lemma trace_cd_power: "trace A D (concat (replicate n [c, d])) = trace A D (replicate n c @ replicate n d)"
  using trace_eq_commute_independent[OF letters(3,4) cd_independent] trace_eq_iff by blast

lemma mset_cd_power: "mset (concat (replicate n [c, d])) = mset (replicate n c @ replicate n d)"
  using trace_eq_commute_independent[OF letters(3,4) cd_independent] by (rule trace_eq_mset)

lemma R_fst_ab_word: "(u, v) \<in> R \<Longrightarrow> set u \<subseteq> {a, b}"
  unfolding R_def by auto

lemma rat_rel_R: "rat_rel A R"
proof -
  have ac: "rat_rel A (range (\<lambda>n. (replicate n a, replicate n c)))"
    using rat_rel_star_single[of "[a]" A "[c]"] letters by simp
  have bd: "rat_rel A (range (\<lambda>n. (replicate n b, replicate n d)))"
    using rat_rel_star_single[of "[b]" A "[d]"] letters by simp
  have acd: "rat_rel A (range (\<lambda>n. (replicate n a, concat (replicate n [c, d]))))"
    using rat_rel_star_single[of "[a]" A "[c, d]"] letters by simp
  have "R = {(u1 @ u2, v1 @ v2) | u1 u2 v1 v2.
      (u1, v1) \<in> range (\<lambda>n. (replicate n a, replicate n c)) \<and>
      (u2, v2) \<in> range (\<lambda>n. (replicate n b, replicate n d))}
      \<union> range (\<lambda>n. (replicate n a, concat (replicate n [c, d])))"
    unfolding R_def by blast
  then show ?thesis by (simp only:) (intro rat_rel.union rat_rel.conc ac bd acd)
qed

lemma lc_rational_R: "lc_rational A D (trace_rel A D R)"
proof (rule lc_rational_trace_rel[OF rat_rel_R left_closed_if_rigid_domain])
  fix u v assume "(u, v) \<in> R"
  then show "trace A D u = {u}" by (intro trace_ab_word R_fst_ab_word)
qed

lemma rational_K: "rational_tr A D K"
  unfolding rational_tr_def K_def using letters
  by (intro exI[of _ "range (\<lambda>n. concat (replicate n [c, d]))"] conjI regular_star_single) auto

lemma recognizable_L: "recognizable_tr A D L"
proof -
  have "regular A (range (\<lambda>n. concat (replicate n [a])))"
    using letters by (intro regular_star_single) auto
  then show ?thesis
    unfolding L_def using letters
    by (intro recognizable_if_regular_rigid) (auto simp: trace_replicate_a)
qed

lemma preimage_K:
  "rel_preimage (trace_rel A D R) K
     = trace A D ` ({replicate n a @ replicate n b | n. True} \<union> range (\<lambda>n. replicate n a))"
  (is "_ = trace A D ` ?P")
proof (intro equalityI subsetI)
  fix x assume "x \<in> rel_preimage (trace_rel A D R) K"
  then obtain u v m where uv: "x = trace A D u" "(u, v) \<in> R"
      "trace A D v = trace A D (concat (replicate m [c, d]))"
    unfolding rel_preimage_def trace_rel_def K_def by auto
  then have mset_v: "mset v = mset (replicate m c @ replicate m d)"
    using mset_cd_power trace_eq_iff trace_eq_mset by metis
  have "u \<in> ?P" using uv(2) unfolding R_def
  proof (elim UnE CollectE exE conjE)
    fix i j assume "(u, v) = (replicate i a @ replicate j b, replicate i c @ replicate j d)"
    then have "u = replicate i a @ replicate j b"
      "mset (replicate i c @ replicate j d) = mset (replicate m c @ replicate m d)"
      using mset_v by simp_all
    then show "u \<in> ?P" by (simp only: mset_replicate_append_eq_iff[OF c_neq_d]) blast
  qed auto
  with uv(1) show "x \<in> trace A D ` ?P" by blast
next
  fix x assume "x \<in> trace A D ` ?P"
  then obtain n where "x = trace A D (replicate n a @ replicate n b) \<or> x = trace A D (replicate n a)"
    by auto
  moreover have "(replicate n a @ replicate n b, replicate n c @ replicate n d) \<in> R"
      "(replicate n a, concat (replicate n [c, d])) \<in> R"
    unfolding R_def by auto
  moreover have "trace A D (replicate n c @ replicate n d) \<in> K" "trace A D (concat (replicate n [c, d])) \<in> K"
    unfolding K_def by (auto simp flip: trace_cd_power)
  ultimately show "x \<in> rel_preimage (trace_rel A D R) K"
    unfolding rel_preimage_def trace_rel_def by blast
qed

________

- _What you will do_
Looking over the records, find each line with the word "rule" and copy it.

- _Your response_
  using trace_eq_commute_independent[OF letters(3,4) cd_independent] by (rule trace_eq_mset)
proof (rule lc_rational_trace_rel[OF rat_rel_R left_closed_if_rigid_domain])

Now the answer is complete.